## Homework

The goal of this homework is to train a simple model for predicting the duration of a ride - similar to what we did in this module.

In [1]:
import pandas as pd
import numpy as np

## Q1. Downloading the data

We'll use [the same NYC taxi dataset](https://www1.nyc.gov/site/tlc/about/tlc-trip-record-data.page),
but instead of "**Green** Taxi Trip Records", we'll use "**Yellow** Taxi Trip Records".

Download the data for January and February 2022.

Read the data for January. How many columns are there?

- [ ] 16
- [ ] 17
- [ ] 18
- [x] 19

In [2]:
data_jan = pd.read_parquet('../../data/yellow_tripdata_2022-01.parquet')
data_jan.head()

Unnamed: 0,VendorID,tpep_pickup_datetime,tpep_dropoff_datetime,passenger_count,trip_distance,RatecodeID,store_and_fwd_flag,PULocationID,DOLocationID,payment_type,fare_amount,extra,mta_tax,tip_amount,tolls_amount,improvement_surcharge,total_amount,congestion_surcharge,airport_fee
0,1,2022-01-01 00:35:40,2022-01-01 00:53:29,2.0,3.8,1.0,N,142,236,1,14.5,3.0,0.5,3.65,0.0,0.3,21.95,2.5,0.0
1,1,2022-01-01 00:33:43,2022-01-01 00:42:07,1.0,2.1,1.0,N,236,42,1,8.0,0.5,0.5,4.0,0.0,0.3,13.3,0.0,0.0
2,2,2022-01-01 00:53:21,2022-01-01 01:02:19,1.0,0.97,1.0,N,166,166,1,7.5,0.5,0.5,1.76,0.0,0.3,10.56,0.0,0.0
3,2,2022-01-01 00:25:21,2022-01-01 00:35:23,1.0,1.09,1.0,N,114,68,2,8.0,0.5,0.5,0.0,0.0,0.3,11.8,2.5,0.0
4,2,2022-01-01 00:36:48,2022-01-01 01:14:20,1.0,4.3,1.0,N,68,163,1,23.5,0.5,0.5,3.0,0.0,0.3,30.3,2.5,0.0


In [3]:
print(f"Number of columns: {len(data_jan.columns)}")

Number of columns: 19


## Q2. Computing duration

Now let's compute the `duration` variable. It should contain the duration of a ride in minutes. 

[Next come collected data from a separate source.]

lemma jacobi_trudi_Nil [simp]: "jacobi_trudi h [] = 1"
  by (simp add: jacobi_trudi_def)

lemma jacobi_trudi_single [simp]: "jacobi_trudi h [n] = h n"
  using det_single[of "mat 1 1 (\<lambda>(i,j). upper_toeplitz h i (partition_degrees [n] j))"]
  by (simp add: jacobi_trudi_def upper_toeplitz_def partition_degrees_def)

lemma fps_compose_uminus_X_nth [simp]:
  "(f oo - fps_X :: 'a::comm_ring_1 fps) $ n = (-1)^n * f $ n"
  by (simp add: fps_compose_uminus')

lemma det_toeplitz_compose_uminus_X:
  fixes H :: "'a::comm_ring_1 fps"
  assumes "\<And>j. j < r \<Longrightarrow> j \<le> n j"
  shows "det (mat r r (\<lambda>(i,j). upper_toeplitz (fps_nth (H oo - fps_X)) i (n j))) =
         (\<Prod>j<r. (-1)^(n j - j)) * det (mat r r (\<lambda>(i,j). upper_toeplitz (fps_nth H) i (n j)))"
proof -
  have "mat r r (\<lambda>(i,j). upper_toeplitz (fps_nth (H oo - fps_X)) i (n j)) =
        mat r r (\<lambda>(i,j). (-1)^i * (-1)^(n j) * upper_toeplitz (fps_nth H) i (n j))"
    by (intro eq_matI) (auto simp: upper_toeplitz_def minus_one_power_mult_diff)
  moreover have "(\<Prod>i<r. (-1::'a)^i) * (\<Prod>j<r. (-1)^(n j)) = (\<Prod>j<r. (-1)^(n j - j))"
    using assms by (simp add: minus_one_power_mult_diff flip: prod.distrib)
  ultimately show ?thesis
    by (simp add: det_mat_scale_rows_cols)
qed

lemma jacobi_trudi_conj_partition_eq_minor:
  fixes E :: "'a::comm_ring_1 fps" and lam :: "nat list"
  defines "r \<equiv> length lam" and "c \<equiv> length (conj_partition lam)"
  shows "jacobi_trudi (fps_nth E) (conj_partition lam) =
         det (mat c c (\<lambda>(k,l). upper_toeplitz (fps_nth E) (partition_codegrees lam k) (r + l)))"
proof -
  define lc where "lc = conj_partition lam"
  define Y where "Y = (\<lambda>l k. upper_toeplitz (fps_nth E) (partition_codegrees lam k) (r + l))"
  have "jacobi_trudi (fps_nth E) lc = det (mat c c (\<lambda>(i,j). Y (c - 1 - i) (c - 1 - j)))"
    unfolding jacobi_trudi_def
  proof (intro arg_cong[where f = det] eq_matI)
    fix i j
    assume "i < dim_row (mat c c (\<lambda>(i,j). Y (c - 1 - i) (c - 1 - j)))"
      and "j < dim_col (mat c c (\<lambda>(i,j). Y (c - 1 - i) (c - 1 - j)))"
    then have i: "i < c" and j: "j < c" by auto
    then have "lc ! (c - 1 - j) \<le> r"
      using conj_partition_nth_le_length[of "c - 1 - j" lam] by (simp add: lc_def c_def r_def)
    then show "mat (length lc) (length lc)
        (\<lambda>(i,j). upper_toeplitz (fps_nth E) i (partition_degrees lc j)) $$ (i, j) =
        mat c c (\<lambda>(i,j). Y (c - 1 - i) (c - 1 - j)) $$ (i, j)"
      using i j
      by (auto simp: Y_def lc_def c_def r_def upper_toeplitz_def partition_degrees_def
          partition_codegrees_def intro!: arg_cong[where f = "fps_nth E"])
  qed (simp_all add: lc_def c_def)
  also have "\<dots> = det (mat c c (\<lambda>(i,j). Y i j))"
    by (rule det_mat_reverse)
  also have "mat c c (\<lambda>(i,j). Y i j) =
      transpose_mat (mat c c (\<lambda>(k,l). upper_toeplitz (fps_nth E) (partition_codegrees lam k) (r + l)))"
    by (intro eq_matI) (auto simp: Y_def)
  also have "det \<dots> =
      det (mat c c (\<lambda>(k,l). upper_toeplitz (fps_nth E) (partition_codegrees lam k) (r + l)))"
    by (rule det_transpose[of _ c]) simp
  finally show ?thesis
    by (simp add: lc_def)
qed

theorem jacobi_trudi_conj_partition:
  fixes E H :: "'a::idom fps"
  assumes EH: "E * (H oo - fps_X) = 1" and E0: "E $ 0 = 1" and lam: "sorted_wrt (\<ge>) lam"
  shows "jacobi_trudi (fps_nth H) lam = jacobi_trudi (fps_nth E) (conj_partition lam)"
proof (cases "lam = []")
  case True
  then show ?thesis by (simp add: conj_partition_def)
next
  case False
  define r where "r = length lam"
  define c where "c = length (conj_partition lam)"
  define \<sigma> where "\<sigma> = (\<Prod>j<r. (-1::'a)^(partition_degrees lam j - j))"
  have hd: "hd lam = length (conj_partition lam)"
    using False by (simp add: length_conj_partition)
  have "\<sigma> * jacobi_trudi (fps_nth H) lam =
        det (mat r r (\<lambda>(i,j). upper_toeplitz (fps_nth (H oo - fps_X)) i (partition_degrees lam j)))"
    unfolding \<sigma>_def jacobi_trudi_def r_def
    by (rule det_toeplitz_compose_uminus_X[symmetric]) (simp add: partition_degrees_def)
  also have "\<dots> = \<sigma> * det (mat (r + c - r) (r + c - r) (\<lambda>(k,l).
      upper_toeplitz (fps_nth E) (partition_codegrees lam k) (r + l)))"
    unfolding \<sigma>_def
    by (rule det_toeplitz_complementary_minor[OF EH E0])
      (use partition_degrees_strict_mono[OF lam] partition_codegrees_strict_mono[of _ lam]
           partition_degrees_less[OF lam] partition_codegrees_less[of _ lam]
           partition_degrees_neq_codegrees[OF lam]
       in \<open>auto simp: r_def c_def hd\<close>)
  also have "\<dots> = \<sigma> * jacobi_trudi (fps_nth E) (conj_partition lam)"
    by (simp add: jacobi_trudi_conj_partition_eq_minor r_def c_def)
  finally show ?thesis
    by (simp add: \<sigma>_def)
qed

section \<open>Wronskians of Appell sequences\<close>

definition falling_factorial :: "'a::comm_ring_1 \<Rightarrow> nat \<Rightarrow> 'a" where
  "falling_factorial y i = (\<Prod>k<i. y - of_nat k)"

lemma falling_factorial_Suc:
  "falling_factorial y (Suc i) = falling_factorial y i * (y - of_nat i)"
  by (simp add: falling_factorial_def)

What's the standard deviation of the trips duration in January?

- [ ] 41.45
- [X] 46.45
- [ ] 51.45
- [ ] 56.45

In [4]:
# Creating the duration column (in minutes)
data_jan['duration'] = (data_jan['tpep_dropoff_datetime'] - data_jan['tpep_pickup_datetime']).dt.total_seconds() / 60

# Standard deviation of the duration column
print(f"Standard deviation of the duration column: {round(data_jan['duration'].std(), 2)}")

Standard deviation of the duration column: 46.45


## Q3. Dropping outliers

Next, we need to check the distribution of the `duration` variable. There are some outliers. Let's remove them and keep only the records where the duration was between 1 and 60 minutes (inclusive).

What fraction of the records left after you dropped the outliers?

- [ ] 90%
- [ ] 92%
- [ ] 95%
- [x] 98%

In [5]:
# Keeping durations between 1 and 60 minutes
data_jan_clean = data_jan[(data_jan['duration'] >= 1) & (data_jan['duration'] <= 60)]

# Fraction of trips with durations between 1 and 60 minutes
print(f"Fraction of trips with durations between 1 and 60 minutes: {round(len(data_jan_clean) / len(data_jan), 2)}")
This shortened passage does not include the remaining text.